→ Available records:
lemma S_Y [rule_format]: "\<forall>k\<in>{1..<r + t}. \<forall>a\<in>Seq r t. ent a k = ent a (k + 1) \<longrightarrow> (\<forall>v.
    S k (Y k (act (d_one a) v)) - Y (k + 1) (S k (act (d_one a) v)) = - act (d_one a) v \<and>
    S k (Y (k + 1) (act (d_one a) v)) - Y k (S k (act (d_one a) v)) = act (d_one a) v)"
  using relations by (elim conjE) assumption

lemma Shat_Y [rule_format]: "\<forall>k\<in>{1..<r + t}. \<forall>v.
    Shat k (Y k v) - Y (k + 1) (Shat k v) = Ehat k v \<and>
    Shat k (Y (k + 1) v) - Y k (Shat k v) = - Ehat k v"
  using relations by (elim conjE) assumption

lemma E_Ehat_Y_add [rule_format]: "\<forall>k\<in>{1..<r + t}. \<forall>v.
    E k (Y k v + Y (k + 1) v) = 0 \<and> Y k (E k v) + Y (k + 1) (E k v) = 0 \<and>
    Ehat k (Y k v + Y (k + 1) v) = 0 \<and> Y k (Ehat k v) + Y (k + 1) (Ehat k v) = 0"
  using relations by (elim conjE) assumption

lemma length_Seq: "a \<in> Seq r t \<Longrightarrow> length a = r + t"
  by (simp add: Seq_def)

lemma d_one_eq: "a \<in> Seq r t \<Longrightarrow> d_one a = (a, a, perm_match (r + t) id)"
  by (simp add: d_one_def length_Seq idm_eq_perm_match)

lemma d_s_eq: "a \<in> Seq r t \<Longrightarrow> k \<in> {1..<r + t} \<Longrightarrow>
    d_s k a = (a, a, perm_match (r + t) (transpose k (k + 1)))"
  by (simp add: d_s_def length_Seq crossm_eq_perm_match)

lemma d_shat_eq: "a \<in> Seq r t \<Longrightarrow> k \<in> {1..<r + t} \<Longrightarrow>
    d_shat k a = (a, swp k a, perm_match (r + t) (transpose k (k + 1)))"
  by (simp add: d_shat_def length_Seq crossm_eq_perm_match)

lemma d_one_in_Br: "a \<in> Seq r t \<Longrightarrow> d_one a \<in> Br r t"
  by (simp add: d_one_eq perm_diag_in_Br involution_on_id)

lemma d_s_in_Br:
  assumes a: "a \<in> Seq r t" and k: "k \<in> {1..<r + t}" and "ent a k = ent a (k + 1)"
  shows "d_s k a \<in> Br r t"
  unfolding d_s_eq[OF a k]
  by (rule perm_diag_in_Br[OF a a involution_on_transpose[OF k]]) (use assms in \<open>auto simp: transpose_def\<close>)

lemma d_shat_in_Br:
  assumes a: "a \<in> Seq r t" and k: "k \<in> {1..<r + t}"
  shows "d_shat k a \<in> Br r t"
  unfolding d_shat_eq[OF a k]
proof (rule perm_diag_in_Br[OF a _ involution_on_transpose[OF k]])
  show "swp k a \<in> Seq r t" using swp_in_Seq a k by simp
  show "ent a j = ent (swp k a) (transpose k (k + 1) j)" if "1 \<le> j" "j \<le> r + t" for j
    using ent_swp_transpose[of k a j] that k length_Seq[OF a] by simp
qed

→ Aim of the exercise:
Copy out only the lines of the records above from the one with "d_shat k a = (a, swp" through the one with "unfolding d_s_eq[OF a k]", exactly as they stand, both included.

→ Response:
    d_shat k a = (a, swp k a, perm_match (r + t) (transpose k (k + 1)))"
  by (simp add: d_shat_def length_Seq crossm_eq_perm_match)

lemma d_one_in_Br: "a \<in> Seq r t \<Longrightarrow> d_one a \<in> Br r t"
  by (simp add: d_one_eq perm_diag_in_Br involution_on_id)

lemma d_s_in_Br:
  assumes a: "a \<in> Seq r t" and k: "k \<in> {1..<r + t}" and "ent a k = ent a (k + 1)"
  shows "d_s k a \<in> Br r t"
  unfolding d_s_eq[OF a k]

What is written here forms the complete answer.